Paco Rabanne S/S18Photography by Joe Harper

Peter Saville and Julien Dossena on the Power of Pop

Art director Peter Saville collaborates again with Paco Rabanne, fusing post-internet aesthetics with Julien Dossena's sensual silhouettes

Lead ImagePaco Rabanne S/S18Photography by Joe Harper

Like countless other creatives, designer Julien Dossena spent his teenage years in awe of Peter Saville. With his record sleeve designs for Factory Records and bands like New Order, Saville changed the visual culture of the 80s. Since his long-term collaboration with Yohji Yamamoto, the art director’s provocative and thoughtful work has served to inspire subsequent generations, from Raf Simons to Kanye West. This season sees his second time working with Dossena, whose vision has brought Paco Rabanne into the crisp light of contemporaneity.

Backstage after the S/S18 show, Saville points across the room. “There’s Marc Ascoli, the man who introduced me to doing fashion with Yohji in 1986... he’s talking to Julien who, two generations later, is asking me to do things.” Saville is visibly invigorated by this ever-turning wheel of ideas as he gesticulates in circular motions. So too is Dossena it seems, who has also previously enlisted Ascoli’s art direction (whose 90s campaigns for Jil Sander are still referenced today) for Paco Rabanne’s own ads. Combining the talent of his predecessors with his own sense of futurism, Dossena is moving forward the conversation that had once so inspired him as a young boy.

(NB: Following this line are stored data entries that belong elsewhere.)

lemma qbinom_mult_qpoch:
  "k \<le> n \<Longrightarrow> qbinom x n k * qpoch x k * qpoch x (n - k) = qpoch x n"
proof (induction n arbitrary: k)
  case 0
  then show ?case by (simp add: qpoch_def)
next
  case (Suc n)
  show ?case
  proof (cases k)
    case 0
    then show ?thesis by (simp add: qpoch_def)
  next
    case (Suc j)
    show ?thesis
    proof (cases "j = n")
      case True
      with Suc show ?thesis by (simp add: qpoch_def)
    next
      case False
      with Suc \<open>k \<le> Suc n\<close> have "j < n" by simp
      then have "n - j = Suc (n - Suc j)" and "Suc j + (n - j) = Suc n" by simp_all
      then have split: "qpoch x (n - j) = qpoch x (n - Suc j) * (1 - x ^ (n - j))"
        and x_pow: "x ^ Suc j * x ^ (n - j) = x ^ Suc n"
        by (metis qpoch_Suc, simp only: flip: power_add)
      have "qbinom x (Suc n) k * qpoch x k * qpoch x (Suc n - k)
          = (qbinom x n j * qpoch x j * qpoch x (n - j)) * (1 - x ^ Suc j)
            + x ^ Suc j * (qbinom x n (Suc j) * qpoch x (Suc j) * qpoch x (n - Suc j))
              * (1 - x ^ (n - j))"
        by (simp add: Suc qpoch_Suc split algebra_simps)
      also have "\<dots> = qpoch x n * (1 - x ^ Suc j * x ^ (n - j))"
        using Suc.IH[of j] Suc.IH[of "Suc j"] \<open>j < n\<close> by (simp add: algebra_simps)
      also have "\<dots> = qpoch x (Suc n)"
        by (simp only: x_pow qpoch_Suc)
      finally show ?thesis .
    qed
  qed
qed

lemma Suc_choose_two: "Suc k choose 2 = (k choose 2) + k"
  by (simp add: numeral_2_eq_2)

lemma sum_lessThan_eq_choose_two: "(\<Sum>i<n. i) = n choose 2"
  by (induction n) (simp_all add: Suc_choose_two numeral_2_eq_2)

lemma two_mult_choose_two: "2 * (k choose 2) = k * (k - 1)"
  by (induction k) (auto simp: Suc_choose_two algebra_simps numeral_2_eq_2)

lemma q_binomial_theorem:
  "(\<Prod>j<N. 1 + x ^ j * t) = (\<Sum>k\<le>N. qbinom x N k * x ^ (k choose 2) * t ^ k)"
proof (induction N arbitrary: t)
  case 0
  then show ?case by (simp add: numeral_2_eq_2)
next
  case (Suc N)
  define f where "f k = qbinom x N k * x ^ (k choose 2) * x ^ k * t ^ k" for k
  define g where "g k = qbinom x N k * x ^ (k choose 2) * x ^ k * t ^ Suc k" for k
  have "(\<Prod>j<Suc N. 1 + x ^ j * t) = (1 + t) * (\<Prod>j<N. 1 + x ^ j * (x * t))"
    by (subst prod.lessThan_Suc_shift) (simp add: mult_ac)
  also have "\<dots> = (\<Sum>k\<le>N. f k) + (\<Sum>k\<le>N. g k)"
    unfolding Suc.IH
    by (simp add: f_def g_def distrib_right sum_distrib_left power_mult_distrib mult_ac sum.distrib)
  also have "(\<Sum>k\<le>N. f k) = 1 + (\<Sum>k\<le>N. f (Suc k))"
    using sum.atMost_Suc_shift[of f N] by (simp add: f_def qbinom_eq_0 numeral_2_eq_2)
  also have "1 + (\<Sum>k\<le>N. f (Suc k)) + (\<Sum>k\<le>N. g k)
      = 1 + (\<Sum>k\<le>N. qbinom x (Suc N) (Suc k) * x ^ (Suc k choose 2) * t ^ Suc k)"
    by (simp add: f_def g_def Suc_choose_two algebra_simps power_add flip: sum.distrib)
  also have "\<dots> = (\<Sum>k\<le>Suc N. qbinom x (Suc N) k * x ^ (k choose 2) * t ^ k)"
    by (subst sum.atMost_Suc_shift) (simp add: numeral_2_eq_2)
  finally show ?case .
qed

lemma q_binomial_theorem_homogeneous:
  fixes s :: "'a::field"
  assumes "s \<noteq> 0"
  shows "(\<Prod>j<N. s + x ^ j * t) = (\<Sum>k\<le>N. qbinom x N k * x ^ (k choose 2) * t ^ k * s ^ (N - k))"
proof -
  have "(\<Prod>j<N. s + x ^ j * t) = (\<Prod>j<N. s * (1 + x ^ j * (t / s)))"
    using assms by (simp add: distrib_left)
  also have "\<dots> = s ^ N * (\<Prod>j<N. 1 + x ^ j * (t / s))"
    by (simp add: prod.distrib)
  also have "\<dots> = (\<Sum>k\<le>N. qbinom x N k * x ^ (k choose 2) * t ^ k * s ^ (N - k))"
    unfolding q_binomial_theorem sum_distrib_left
  proof (intro sum.cong refl)
    fix k assume "k \<in> {..N}"
    then have "s ^ N = s ^ (N - k) * s ^ k" by (simp flip: power_add)
    with assms show "s ^ N * (qbinom x N k * x ^ (k choose 2) * (t / s) ^ k)
        = qbinom x N k * x ^ (k choose 2) * t ^ k * s ^ (N - k)"
      by (simp add: power_divide field_simps)
  qed
  finally show ?thesis .
qed

section \<open>Jacobi's triple product at $z = 1$\<close>

lemma prod_lessThan_add:
  fixes a b :: nat
  shows "(\<Prod>j<a + b. f j) = (\<Prod>j<a. f j) * (\<Prod>i<b. f (a + i))"
  by (induction b) (simp_all add: mult_ac)

lemma sum_lessThan_add:
  fixes a b :: nat
  shows "(\<Sum>j<a + b. f j) = (\<Sum>j<a. f j) + (\<Sum>i<b. f (a + i))"
  by (induction b) (simp_all add: add_ac)

lemma triple_product_exponent:
  assumes "k \<le> 2 * n" "n > 0"
  shows "2 * (k choose 2) + (2 * n - 1) * (2 * n - k)
       = ((k - n)^2 + (n - k)^2) + (2 * (n choose 2) + (2 * n - 1) * n)"
proof -
  have choose: "2 * int (m choose 2) = int m * (int m - 1)" for m
  proof -
    have "int (2 * (m choose 2)) = int (m * (m - 1))"
      by (simp only: two_mult_choose_two)
    then show ?thesis by (cases m) (simp_all add: algebra_simps)
  qed
  have "int ((k - n)^2 + (n - k)^2) = (int k - int n)^2"
    by (cases "k \<le> n") (simp_all add: of_nat_diff power2_commute)
  moreover have "int (2 * (k choose 2) + (2 * n - 1) * (2 * n - k))
      = int k * (int k - 1) + (2 * int n - 1) * (2 * int n - int k)"
    using assms by (simp add: choose of_nat_diff)
  moreover have "int (2 * (n choose 2) + (2 * n - 1) * n)
      = int n * (int n - 1) + (2 * int n - 1) * int n"
    using assms by (simp add: choose of_nat_diff)
  ultimately show ?thesis
    by (simp add: power2_eq_square algebra_simps flip: of_nat_eq_iff)
qed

“There are a lot of fans, yes,” Saville explains of Dossena’s clear warmth and admiration for him. “There’s a nice reason for it. It’s the ‘art of the playground’, which is Tony Wilson’s expression. I resented it at the time because of the word ‘playground’ but now I’m older I appreciate the extraordinary influence of it: of unusual interesting things, new, novel, introductory things, going to young people at a very formative time in their lives. But also commonly across all walks of life, maybe influencing someone who might become a van driver or a clothes designer.” The result of these fluid influences is a second series of seductive, slinky T-shirts which melds succinctly with the themes of the collection.

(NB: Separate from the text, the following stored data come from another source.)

(* For $n \in \mathbb{N}_0$ let $\kappa(n)$ denote the maximal number of consecutive $1$s in the binary expansion of $n$ (so $\kappa(0)=0$, and e.g. $\kappa(1234)=\kappa([10011010010]_2)=2$). Define $f\colon\mathbb{N}_0\to\{0,1\}$ by $f(n)=1$ if $\kappa(n)$ is odd and $f(n)=0$ otherwise. Then $f$ is asymptotically $2$-automatic but there is no $2$-automatic sequence $\tilde f\colon\mathbb{N}_0\to\{0,1\}$ with $f\simeq\tilde f$.
   Context: $\mathbb{N}_0=\{0,1,2,\dots\}$. A property holds for almost all $n\in\mathbb{N}_0$ if the set of $n$ where it fails has upper density $\limsup_{N\to\infty}|\cdot\cap\{0,\dots,N-1\}|/N$ equal to $0$. Sequences $f,g$ are asymptotically equal, $f\simeq g$, if $f(n)=g(n)$ for almost all $n$. The $k$-kernel of $f$ is $\mathcal{N}_k(f) = \{ n \mapsto f(k^\alpha n + r) : \alpha, r \in \mathbb{N}_0,\ r < k^\alpha\}$; $f$ is $k$-automatic if $\mathcal{N}_k(f)$ is finite, and asymptotically $k$-automatic if $\mathcal{N}_k(f)/{\simeq}$ is finite. *)

theory Defs
  imports Main "HOL-Library.Liminf_Limsup" "HOL-Library.Extended_Real"
begin

definition upper_density_zero :: "nat set \<Rightarrow> bool" where
  "upper_density_zero A \<longleftrightarrow>
     limsup (\<lambda>N::nat. ereal (real (card (A \<inter> {..<N})) / real N)) = 0"

definition almost_all :: "(nat \<Rightarrow> bool) \<Rightarrow> bool" where
  "almost_all P \<longleftrightarrow> upper_density_zero {n. \<not> P n}"

definition asymp_eq :: "(nat \<Rightarrow> 'a) \<Rightarrow> (nat \<Rightarrow> 'a) \<Rightarrow> bool" where
  "asymp_eq f g \<longleftrightarrow> almost_all (\<lambda>n. f n = g n)"

definition kernel :: "nat \<Rightarrow> (nat \<Rightarrow> 'a) \<Rightarrow> (nat \<Rightarrow> 'a) set" where
  "kernel k f = {(\<lambda>n. f (k ^ a * n + r)) | a r. r < k ^ a}"

definition automatic :: "nat \<Rightarrow> (nat \<Rightarrow> 'a) \<Rightarrow> bool" where
  "automatic k f \<longleftrightarrow> finite (kernel k f)"

definition asymp_automatic :: "nat \<Rightarrow> (nat \<Rightarrow> 'a) \<Rightarrow> bool" where
  "asymp_automatic k f \<longleftrightarrow>
     finite (kernel k f // {(g, h). asymp_eq g h})"

definition kappa :: "nat \<Rightarrow> nat" where
  "kappa n = Max {l. \<exists>i. \<forall>j<l. bit n (i + j)}"

definition kappa_parity :: "nat \<Rightarrow> nat" where
  "kappa_parity n = (if odd (kappa n) then 1 else 0)"

end

theory Submission
  imports Defs
begin

text \<open>
  Appending a block r < 2^p below n does not change kappa n if n has a zero bit at a position t
  with p + t <= kappa n: that zero separates the low part, whose runs are at most p + t long, from
  the rest of n. So kappa (2^p n + r) = kappa n unless the lowest t bits of n are all ones or
  kappa n < p + t. The first set has density 2^-t, the second density zero (its members avoid an
  all-ones block in each of many aligned positions), so every kernel element of kappa_parity is
  asymptotically equal to kappa_parity.

  If an automatic g were asymptotically equal to kappa_parity, its finitely many kernel elements
  would all agree with kappa_parity off one sparse set E: g (2^a n + r) = kappa_parity n for n
  outside E. Neither parity class of kappa is sparse, because inserting a 1 right after the first
  longest run is an injection of linear growth that raises kappa by one; so there are n0, n1
  outside E with kappa of different parity. Appending to both a suffix that ends in more ones
  than kappa n0 and kappa n1 yields numbers with equal kappa but different values of g, and the
  2^b suffixes below 2^(b + K) make the set where kappa_parity and g differ non-sparse.
\<close>

section \<open>Sets of upper density zero\<close>

definition eventually_density_less :: "nat set \<Rightarrow> real \<Rightarrow> bool" where
  "eventually_density_less A e \<longleftrightarrow>
     (\<forall>\<^sub>F N in sequentially. real (card (A \<inter> {..<N})) < e * real N)"
(* Let $T$ be a skew-nontrivial tree and let $S\subseteq W^{\emptyset}_-(T)$. Then $S$ is a PSD forcing set of $SD_2(T)$ if and only if $S$ is a skew forcing set of $T$.
   Context: Skew forcing: vertices are colored blue or white; if any vertex $u$ (blue or white) has exactly one white neighbor $v$, then $u$ may force $v$ to become blue; a skew forcing set is a set of initially blue vertices from which repeated forcing turns all vertices blue. PSD forcing: if $B$ is the current blue set, $C$ a component of $G-B$, and $u$ a blue vertex with $N_G(u)\cap V(C)=\{v\}$, then $u$ may force $v$; a PSD forcing set is defined analogously. $B^{\emptyset}_-(T)$ is the set of vertices that become blue when the skew forcing rule is applied starting from the empty set until no more forces are possible, and $W^{\emptyset}_-(T)=V(T)\setminus B^{\emptyset}_-(T)$. The skew-nontrivial subgraph $\check G$ of $G$ is obtained by computing $B^{\emptyset}_-(G)$, then deleting each vertex of $B^{\emptyset}_-(G)$ all of whose neighbors are in $B^{\emptyset}_-(G)$, and deleting each edge with both endpoints in $B^{\emptyset}_-(G)$; $T$ is skew-nontrivial if $\check T=T$. The special distance-2 graph $SD_2(T)$ has vertex set $W^{\emptyset}_-(T)$, with $u,w$ adjacent iff $u\ne w$ and $N_T(u)\cap N_T(w)\neq\emptyset$. *)

theory Defs
  imports Main
begin

definition graph :: "'a set \<Rightarrow> ('a \<Rightarrow> 'a \<Rightarrow> bool) \<Rightarrow> bool" where
  "graph V E \<longleftrightarrow> finite V \<and> (\<forall>u v. E u v \<longrightarrow> E v u) \<and> (\<forall>u. \<not> E u u)
     \<and> (\<forall>u v. E u v \<longrightarrow> u \<in> V \<and> v \<in> V)"

definition nbhd :: "('a \<Rightarrow> 'a \<Rightarrow> bool) \<Rightarrow> 'a \<Rightarrow> 'a set" where
  "nbhd E u = {v. E u v}"

definition connected_graph :: "'a set \<Rightarrow> ('a \<Rightarrow> 'a \<Rightarrow> bool) \<Rightarrow> bool" where
  "connected_graph V E \<longleftrightarrow> (\<forall>u\<in>V. \<forall>v\<in>V. E\<^sup>*\<^sup>* u v)"

definition is_cycle :: "('a \<Rightarrow> 'a \<Rightarrow> bool) \<Rightarrow> 'a list \<Rightarrow> bool" where
  "is_cycle E cs \<longleftrightarrow> length cs \<ge> 3 \<and> distinct cs
     \<and> (\<forall>i. Suc i < length cs \<longrightarrow> E (cs ! i) (cs ! Suc i))
     \<and> E (last cs) (hd cs)"

definition tree :: "'a set \<Rightarrow> ('a \<Rightarrow> 'a \<Rightarrow> bool) \<Rightarrow> bool" where
  "tree V E \<longleftrightarrow> graph V E \<and> V \<noteq> {} \<and> connected_graph V E \<and> (\<nexists>cs. is_cycle E cs)"

text \<open>One skew force: some vertex u (blue or white) has exactly one white neighbor v,
which becomes blue.  skew_reach V E B B' : B' is obtainable from B by a sequence of forces.\<close>
inductive skew_reach :: "'a set \<Rightarrow> ('a \<Rightarrow> 'a \<Rightarrow> bool) \<Rightarrow> 'a set \<Rightarrow> 'a set \<Rightarrow> bool"
  for V E where
  refl: "skew_reach V E B B"
| step: "skew_reach V E B B' \<Longrightarrow> u \<in> V \<Longrightarrow> nbhd E u - B' = {v}
          \<Longrightarrow> skew_reach V E B (insert v B')"

definition skew_forcing_set :: "'a set \<Rightarrow> ('a \<Rightarrow> 'a \<Rightarrow> bool) \<Rightarrow> 'a set \<Rightarrow> bool" where
  "skew_forcing_set V E S \<longleftrightarrow> S \<subseteq> V \<and> skew_reach V E S V"

definition skew_closure_empty :: "'a set \<Rightarrow> ('a \<Rightarrow> 'a \<Rightarrow> bool) \<Rightarrow> 'a set" where
  "skew_closure_empty V E = \<Union>{B. skew_reach V E {} B}"

definition skew_white_empty :: "'a set \<Rightarrow> ('a \<Rightarrow> 'a \<Rightarrow> bool) \<Rightarrow> 'a set" where
  "skew_white_empty V E = V - skew_closure_empty V E"

text \<open>Vertex set of the component of G - B containing v (for v in V - B).\<close>
definition comp_minus :: "'a set \<Rightarrow> ('a \<Rightarrow> 'a \<Rightarrow> bool) \<Rightarrow> 'a set \<Rightarrow> 'a \<Rightarrow> 'a set" where
  "comp_minus V E B v =
     {w. (\<lambda>x y. E x y \<and> x \<in> V - B \<and> y \<in> V - B)\<^sup>*\<^sup>* v w}"

inductive psd_reach :: "'a set \<Rightarrow> ('a \<Rightarrow> 'a \<Rightarrow> bool) \<Rightarrow> 'a set \<Rightarrow> 'a set \<Rightarrow> bool"
  for V E where
  refl: "psd_reach V E B B"
| step: "psd_reach V E B B' \<Longrightarrow> u \<in> B' \<inter> V \<Longrightarrow> v \<in> V - B'
          \<Longrightarrow> nbhd E u \<inter> comp_minus V E B' v = {v}
          \<Longrightarrow> psd_reach V E B (insert v B')"

definition psd_forcing_set :: "'a set \<Rightarrow> ('a \<Rightarrow> 'a \<Rightarrow> bool) \<Rightarrow> 'a set \<Rightarrow> bool" where
  "psd_forcing_set V E S \<longleftrightarrow> S \<subseteq> V \<and> psd_reach V E S V"
lemma telescopic_seq_induct [consumes 1, case_names single snoc]:
  assumes "telescopic_seq rs"
    and single: "P [1]"
    and snoc: "\<And>A d r. telescopic_seq A \<Longrightarrow> P A \<Longrightarrow> 2 \<le> d \<Longrightarrow> coprime d r \<Longrightarrow>
      r \<in> gen (set A) \<Longrightarrow> \<forall>x\<in>set A. d * x < r \<Longrightarrow> telescopic_seq (map ((*) d) A @ [r]) \<Longrightarrow>
      P (map ((*) d) A @ [r])"
  shows "P rs"
  using assms(1)
proof (induction "length rs" arbitrary: rs rule: less_induct)
  case less
  show ?case
  proof (cases "length rs \<le> 1")
    case True
    then show ?thesis using telescopic_seq_single less.prems single by blast
  next
    case False
    then have "2 \<le> length rs" by simp
    then obtain A d r where rs: "rs = map ((*) d) A @ [r]" and A: "telescopic_seq A" "2 \<le> d"
      "coprime d r" "r \<in> gen (set A)" "\<forall>x\<in>set A. d * x < r"
      by (rule telescopic_seq_snocE[OF less.prems])
    have "P A" using less.hyps[OF _ A(1)] rs by simp
    then show ?thesis using snoc[OF A(1) _ A(2-5)] rs less.prems by blast
  qed
qed

lemma telescopic_seq_last_lower_bound: "telescopic_seq rs \<Longrightarrow> 2 ^ length rs \<le> last rs + 1"
proof (induction rs rule: telescopic_seq_induct)
  case single
  then show ?case by simp
next
  case (snoc A d r)
  have "A \<noteq> []" using \<open>telescopic_seq A\<close> by auto
  then have "d * last A < r" using \<open>\<forall>x\<in>set A. d * x < r\<close> by simp
  moreover have "2 * last A \<le> d * last A" using \<open>2 \<le> d\<close> by (rule mult_le_mono1)
  ultimately have "2 * 2 ^ length A \<le> r + 1" using snoc.IH by linarith
  then show ?case by simp
qed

Pooling fragments of thoughts from his own internal archive – he points to his temple to indicate where he keeps it – Saville riffed on the night-time, disco themes coursing through Dossena’s new collection. Between ultra-fine chainmail fringed skirts and jeans, fluid silk dresses and skirts that skim over hips and slash at the knee to reveal stocking-tight boots, these printed T-shirts are worn slouched and tucked into club-worthy looks, their slogans pointing towards sleezy discos and neon signs. “We just go from one thing to another,” Dossena explains of the collaborative process. “We started going on the internet and searching titles for erotic movies. It’s a really amazing and playful way to work – we just stayed there, smoking cigarettes and having fun. It comes really naturally.”  

Dossena landed on five designs out of approximately 30 of Saville’s imaginings – all from his constant ambling through the internet: ‘Neon Mist’ they imagined as the oddly anglicised name of a dive bar in Tokyo, while ‘She’ was the name of a porn movie Saville had found. A black logoed tank read ‘Autosex 2’. “I liked the patterns on sim cards and saw a synergy between that and the metal panels of early Paco Rabanne. So we combined the sim card shapes with a random internet-style term, ‘Autosex’, and created something… It’s as if O2 had their own Tinder app. It sort of looks like a T-shirt that people at some ridiculous telecoms trade festival would wear.”

Why T-shirts though? Why didn’t Dossena ask Saville to apply his insight to the invites, the set design, the aesthetic world surrounding the show – something that Saville is proven to craft so successfully? “Because as a young, poor kid, it’s the first thing you buy. A Peter Saville T-shirt is what I would have loved to buy when I was a teenager – but it was something I couldn’t find or afford when he was working for Yohji. I find it a really amazing vehicle for spreading pop culture in this age. Besides that, it’s amazing to mix into the show because we all wear T-shirts all the time, you go clubbing in a T-shirt, and you’re cool – it’s light and easy. But also I can wear them. We made large sizes so girls can wear them big, and guys can wear them too.”

Though there are nods to teenage obsessions – Factory Records, the dark world of digital, casualwear – they were of course embedded in Paco Rabanne’s trademark glamour, with Dossena harking back to another factory, that of Andy Warhol’s New York party scene. The sinuous silhouette of his now trademark reinvigorated chainmail was decorated with a careful paisley pattern that came from the kitsch battered sofas in Warhol’s warehouse studio. These slightly fusty old patterns would be mixed with the glittering gowns of the artist’s guests – a mix of grime and glamour that seems to fuel each of the creative director’s collections. “I love to take pop culture and clean it,” Dossena explains. “To take the message but in a super direct way. It’s all about the direct expression of pop culture: a direct sense or perception.” With his careful attention to the power of cultural codes, it makes sense that he fits so well with taste-makers like Ascoli and Saville.